Source data:

_ _ _

(* Let $a,b,\alpha,\beta$ be variables and let $n\ge 1$ be a natural number. There exist polynomials in $a,b,\alpha,\beta$ with integer coefficients, denoted $\Psi\left(\begin{array}{cc|c} a & b & n \\ \alpha & \beta & r \end{array}\right)$ for $0\le r\le \lfloor n/2\rfloor$ and $\Phi\left(\begin{array}{cc|c} a & b & n \\ \alpha & \beta & r \end{array}\right)$ for $0\le r\le \lfloor (n-1)/2\rfloor$, depending only on $a,b,\alpha,\beta,n,r$, such that the following polynomial identities in $x,y$ hold: \[ (\beta a-\alpha b)^{\lfloor n/2\rfloor}\frac{x^n+y^n}{(x+y)^{\delta(n)}}=\sum_{r=0}^{\lfloor n/2\rfloor}\Psi\left(\begin{array}{cc|c} a & b & n \\ \alpha & \beta & r \end{array}\right)(\alpha x^2+\beta xy+\alpha y^2)^{\lfloor n/2\rfloor-r}(ax^2+bxy+ay^2)^r, \] \[ (\beta a-\alpha b)^{\lfloor (n-1)/2\rfloor}\frac{x^n-y^n}{(x-y)(x+y)^{\delta(n-1)}}=\sum_{r=0}^{\lfloor (n-1)/2\rfloor}\Phi\left(\begin{array}{cc|c} a & b & n \\ \alpha & \beta & r \end{array}\right)(\alpha x^2+\beta xy+\alpha y^2)^{\lfloor (n-1)/2\rfloor-r}(ax^2+bxy+ay^2)^r. \]
   Context: $\delta(m)=1$ if $m$ is odd and $\delta(m)=0$ if $m$ is even; $\lfloor m/2\rfloor$ is the largest integer $\le m/2$. Note $\frac{x^n+y^n}{(x+y)^{\delta(n)}}$ and $\frac{x^n-y^n}{(x-y)(x+y)^{\delta(n-1)}}$ are polynomials in $x,y$. *)

theory Defs
  imports "HOL-Computational_Algebra.Polynomial"
begin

_ _ _

Task item:
Everything from the line with "theory Defs" through the end of the listing, both ends included, needs to be transcribed exactly, with no other lines.

Answer to this exercise:
theory Defs
  imports "HOL-Computational_Algebra.Polynomial"
begin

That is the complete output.